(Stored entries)
┄┄┄┄┄┄┄┄┄┄
text \<open>
  For every \<open>x\<close> the input \<open>(x, -x, 0, \<dots>, 0)\<close> has sum \<open>0\<close>, so by \<open>\<sigma>\<close>-security with
  \<open>\<sigma> \<ge> 1\<close> all their shuffled views \<open>V\<^sub>x\<close> lie within statistical distance \<open>1/2\<close> of \<open>V\<^sub>0\<close>,
  and \<open>V\<^sub>0\<close> gives mass at least \<open>1/2\<close> to the support of every \<open>V\<^sub>x\<close>. On the other hand a
  single view \<open>S\<close> lies in the support of \<open>V\<^sub>x\<close> for at most \<open>C(nm, m)\<close> values of \<open>x\<close>:
  the set of \<open>m\<close> positions of \<open>S\<close> carrying the first party's messages determines \<open>x\<close>,
  since exchanging the first party's encoding for an encoding of \<open>x'\<close> with the same
  messages leaves the multiset of all messages, hence the analyzer's output \<open>x' - x\<close>,
  unchanged. Double counting gives \<open>q/2 \<le> C(nm, m) \<le> (e n)\<^sup>m\<close>, so \<open>m \<ge> log q / (4 log n)\<close>.
\<close>

lemma set_pmf_enc_all:
  "set_pmf (enc_all Enc xs) = {ys. list_all2 (\<lambda>x y. y \<in> set_pmf (Enc x)) xs ys}"
  by (induction xs) (auto simp: list_all2_Cons1)

lemma set_pmf_shuffled_view:
  "set_pmf (shuffled_view Enc N xs) =
     {permute_list \<pi> (concat ys) | ys \<pi>.
        list_all2 (\<lambda>x y. y \<in> set_pmf (Enc x)) xs ys \<and> \<pi> permutes {..<N}}"
proof -
  have "{\<pi>. \<pi> permutes {..<N}} \<noteq> {}"
    using permutes_id by blast
  then show ?thesis
    by (auto simp: shuffled_view_def set_pmf_enc_all finite_permutations)
qed

lemma prob_diff_le_stat_dist:
  "\<bar>measure_pmf.prob p A - measure_pmf.prob p' A\<bar> \<le> stat_dist p p'"
  unfolding stat_dist_def
proof (rule cSUP_upper)
  show "bdd_above (range (\<lambda>A. \<bar>measure_pmf.prob p A - measure_pmf.prob p' A\<bar>))"
  proof (rule bdd_aboveI2)
    fix A
    show "\<bar>measure_pmf.prob p A - measure_pmf.prob p' A\<bar> \<le> 1"
      using measure_pmf.prob_le_1[of p A] measure_pmf.prob_le_1[of p' A]
        measure_nonneg[of p A] measure_nonneg[of p' A] by linarith
  qed
qed simp

lemma prob_set_pmf_ge_one_minus_stat_dist:
  "1 - stat_dist p p' \<le> measure_pmf.prob p (set_pmf p')"
proof -
  have "measure_pmf.prob p' (- set_pmf p') = 0"
    by (simp add: measure_pmf_zero_iff)
  then have "measure_pmf.prob p (- set_pmf p') \<le> stat_dist p p'"
    using prob_diff_le_stat_dist[of p "- set_pmf p'" p'] by simp
  then show ?thesis
    using measure_pmf.prob_compl[of "set_pmf p'" p] by (simp add: Compl_eq_Diff_UNIV)
qed

lemma sum_prob_le_max_multiplicity:
  assumes "finite X" and "\<And>a. card {x \<in> X. a \<in> B x} \<le> k"
  shows "(\<Sum>x\<in>X. measure_pmf.prob p (B x)) \<le> k"
proof -
  have "(\<Sum>x\<in>X. measure_pmf.prob p (B x))
      = (\<Sum>x\<in>X. measure_pmf.expectation p (indicator (B x)))"
    by simp
  also have "\<dots> = measure_pmf.expectation p (\<lambda>a. \<Sum>x\<in>X. indicator (B x) a)"
    by (rule Bochner_Integration.integral_sum[symmetric])
      (simp add: measure_pmf.integrable_const_bound[where B=1])
  also have "\<dots> \<le> k"
  proof (rule measure_pmf.integral_le_const)
    show "integrable (measure_pmf p) (\<lambda>a. \<Sum>x\<in>X. indicat_real (B x) a)"
      by (intro Bochner_Integration.integrable_sum) (simp add: measure_pmf.integrable_const_bound[where B=1])
    have "(\<Sum>x\<in>X. indicat_real (B x) a) = card {x \<in> X. a \<in> B x}" for a
      using assms(1) by (simp add: indicator_def sum.If_cases Int_def)
    then show "AE a in measure_pmf p. (\<Sum>x\<in>X. indicat_real (B x) a) \<le> k"
      using assms(2) by simp
  qed
  finally show ?thesis .
qed

lemma card_le_card_of_unique_witness:
  assumes "finite B" and "\<And>a. a \<in> A \<Longrightarrow> \<exists>b\<in>B. W a b"
    and "\<And>a a' b. a \<in> A \<Longrightarrow> a' \<in> A \<Longrightarrow> W a b \<Longrightarrow> W a' b \<Longrightarrow> a = a'"
  shows "card A \<le> card B"
proof -
  obtain f where "\<And>a. a \<in> A \<Longrightarrow> f a \<in> B \<and> W a (f a)"
    using assms(2) by metis
  then have "inj_on f A" and "f ` A \<subseteq> B"
    using assms(3) by (fastforce intro: inj_onI)+
  then show ?thesis
    using assms(1) by (rule card_inj_on_le)
qed

lemma power_div_fact_le_exp:
  fixes x :: real
  assumes "0 \<le> x"
  shows "x ^ k / fact k \<le> exp x"
proof -
  have "(\<lambda>i. x ^ i / fact i) sums exp x"
    using exp_converges[of x] by (simp add: divide_inverse_commute)
  moreover have "0 \<le> x ^ i / fact i" for i
    using assms by simp
  ultimately show ?thesis
    using sum_le_suminf[of "\<lambda>i. x ^ i / fact i" "{k}"] by (simp add: sums_iff)
qed

lemma binomial_le_exp_power:
  assumes "0 < k"
  shows "real (N choose k) \<le> (exp 1 * real N / real k) ^ k"
proof -
  have "real (N choose k) * fact k \<le> real N ^ k"
    using binomial_fact_pow[of N k] by (metis of_nat_fact of_nat_le_iff of_nat_mult of_nat_power)
  then have "real (N choose k) \<le> real N ^ k / fact k"
    by (simp add: field_simps)
  also have "\<dots> = (real N / real k) ^ k * (real k ^ k / fact k)"
    using assms by (simp add: power_divide)
  also have "\<dots> \<le> (real N / real k) ^ k * exp (real k)"
    by (intro mult_left_mono power_div_fact_le_exp) auto
  also have "\<dots> = (exp 1 * real N / real k) ^ k"
    using exp_of_nat_mult[of k "1::real"] by (simp add: power_divide power_mult_distrib)
  finally show ?thesis .
qed

lemma two_binomial_mult_le_power:
  assumes "2 \<le> n" and "0 < m"
  shows "2 * real (n * m choose m) \<le> real n ^ (4 * m)"
proof -
  have "2 \<le> n ^ m"
    using power_increasing[of 1 m n] assms by simp
  then have two_le: "2 \<le> real n ^ m"
    by (metis of_nat_le_iff of_nat_numeral of_nat_power)
  have "exp 1 \<le> real n ^ 2"
    using exp_le power_mono[of 2 "real n" 2] assms(1) by simp
  have "real (n * m choose m) \<le> (exp 1 * real n) ^ m"
    using binomial_le_exp_power[OF assms(2), of "n * m"] assms by simp
  also have "\<dots> \<le> (real n ^ 2 * real n) ^ m"
    using \<open>exp 1 \<le> real n ^ 2\<close> by (intro power_mono mult_right_mono) auto
  also have "\<dots> = real n ^ (3 * m)"
    unfolding power_mult by (simp add: power3_eq_cube power2_eq_square)
  finally have "real (n * m choose m) \<le> real n ^ (3 * m)" .
  with two_le have "2 * real (n * m choose m) \<le> real n ^ m * real n ^ (3 * m)"
    by (intro mult_mono) auto
  then show ?thesis
    by (simp add: power_add[symmetric])
qed

lemma mset_take_eq_image_permute_list:
  assumes \<pi>: "\<pi> permutes {..<length xs}" and k: "k \<le> length xs"
  obtains I where "I \<subseteq> {..<length xs}" and "card I = k"
    and "mset (take k xs) = image_mset ((!) (permute_list \<pi> xs)) (mset_set I)"
proof -
  define I where "I = {i. i < length xs \<and> \<pi> i < k}"
  have I: "I \<subseteq> {..<length xs}" and "finite I"
    by (auto simp: I_def)
  have inj: "inj_on \<pi> I"
    using permutes_inj[OF \<pi>] by (auto intro: inj_on_subset)
  have img: "\<pi> ` I = {..<k}"
  proof
    show "\<pi> ` I \<subseteq> {..<k}"
      by (auto simp: I_def)
    show "{..<k} \<subseteq> \<pi> ` I"
    proof
      fix j assume "j \<in> {..<k}"
      then have "j \<in> \<pi> ` {..<length xs}"
        using permutes_image[OF \<pi>] k by auto
      with \<open>j \<in> {..<k}\<close> show "j \<in> \<pi> ` I"
        by (auto simp: I_def)
    qed
  qed
  have "image_mset ((!) (permute_list \<pi> xs)) (mset_set I) = image_mset ((!) xs \<circ> \<pi>) (mset_set I)"
    using \<open>finite I\<close> by (intro image_mset_cong) (simp add: I_def permute_list_nth[OF \<pi>])
  also have "\<dots> = image_mset ((!) xs) (mset_set {..<k})"
    by (simp add: image_mset_mset_set[OF inj] img flip: multiset.map_comp)
  also have "\<dots> = mset (take k xs)"
  proof -
    have "take k xs = map ((!) xs) [0..<k]"
      using k by (intro nth_equalityI) auto
    then show ?thesis
      by (simp add: lessThan_atLeast0 flip: mset_upt)
  qed
  finally show ?thesis
    using that[OF I] card_image[OF inj] img by simp
qed

locale agg_protocol = abelian_group R for R :: "(nat, 'b) ring_scheme" (structure) +
  fixes n m l :: nat and Enc :: "nat \<Rightarrow> nat list pmf" and A :: "nat list \<Rightarrow> nat"
  assumes two_le_parties: "2 \<le> n"
    and protocol: "is_agg_protocol R n m l Enc A"
begin

abbreviation encodes :: "nat list \<Rightarrow> nat list list \<Rightarrow> bool" where
  "encodes xs ys \<equiv> list_all2 (\<lambda>x y. y \<in> set_pmf (Enc x)) xs ys"

lemma length_encoding: "x \<in> carrier R \<Longrightarrow> y \<in> set_pmf (Enc x) \<Longrightarrow> length y = m"
  using protocol unfolding is_agg_protocol_def by blast

lemma length_concat_encodes:
  "encodes xs ys \<Longrightarrow> set xs \<subseteq> carrier R \<Longrightarrow> length (concat ys) = length xs * m"
  by (induction rule: list_all2_induct) (auto simp: length_encoding)

lemma analyzer_correct:
  "length xs = n \<Longrightarrow> set xs \<subseteq> carrier R \<Longrightarrow> encodes xs ys \<Longrightarrow> \<pi> permutes {..<n * m} \<Longrightarrow>
    A (permute_list \<pi> (concat ys)) = finsum R (\<lambda>i. xs ! i) {..<n}"
  using protocol unfolding is_agg_protocol_def by blast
┄┄┄┄┄┄┄┄┄┄
Only the lines from the first line of the records through the line containing "using measure_pmf.prob_le_1[of p" should be repeated, exactly as they appear.

- WRITTEN RESPONSE -
text \<open>
  For every \<open>x\<close> the input \<open>(x, -x, 0, \<dots>, 0)\<close> has sum \<open>0\<close>, so by \<open>\<sigma>\<close>-security with
  \<open>\<sigma> \<ge> 1\<close> all their shuffled views \<open>V\<^sub>x\<close> lie within statistical distance \<open>1/2\<close> of \<open>V\<^sub>0\<close>,
  and \<open>V\<^sub>0\<close> gives mass at least \<open>1/2\<close> to the support of every \<open>V\<^sub>x\<close>. On the other hand a
  single view \<open>S\<close> lies in the support of \<open>V\<^sub>x\<close> for at most \<open>C(nm, m)\<close> values of \<open>x\<close>:
  the set of \<open>m\<close> positions of \<open>S\<close> carrying the first party's messages determines \<open>x\<close>,
  since exchanging the first party's encoding for an encoding of \<open>x'\<close> with the same
  messages leaves the multiset of all messages, hence the analyzer's output \<open>x' - x\<close>,
  unchanged. Double counting gives \<open>q/2 \<le> C(nm, m) \<le> (e n)\<^sup>m\<close>, so \<open>m \<ge> log q / (4 log n)\<close>.
\<close>

lemma set_pmf_enc_all:
  "set_pmf (enc_all Enc xs) = {ys. list_all2 (\<lambda>x y. y \<in> set_pmf (Enc x)) xs ys}"
  by (induction xs) (auto simp: list_all2_Cons1)

lemma set_pmf_shuffled_view:
  "set_pmf (shuffled_view Enc N xs) =
     {permute_list \<pi> (concat ys) | ys \<pi>.
        list_all2 (\<lambda>x y. y \<in> set_pmf (Enc x)) xs ys \<and> \<pi> permutes {..<N}}"
proof -
  have "{\<pi>. \<pi> permutes {..<N}} \<noteq> {}"
    using permutes_id by blast
  then show ?thesis
    by (auto simp: shuffled_view_def set_pmf_enc_all finite_permutations)
qed

lemma prob_diff_le_stat_dist:
  "\<bar>measure_pmf.prob p A - measure_pmf.prob p' A\<bar> \<le> stat_dist p p'"
  unfolding stat_dist_def
proof (rule cSUP_upper)
  show "bdd_above (range (\<lambda>A. \<bar>measure_pmf.prob p A - measure_pmf.prob p' A\<bar>))"
  proof (rule bdd_aboveI2)
    fix A
    show "\<bar>measure_pmf.prob p A - measure_pmf.prob p' A\<bar> \<le> 1"
      using measure_pmf.prob_le_1[of p A] measure_pmf.prob_le_1[of p' A]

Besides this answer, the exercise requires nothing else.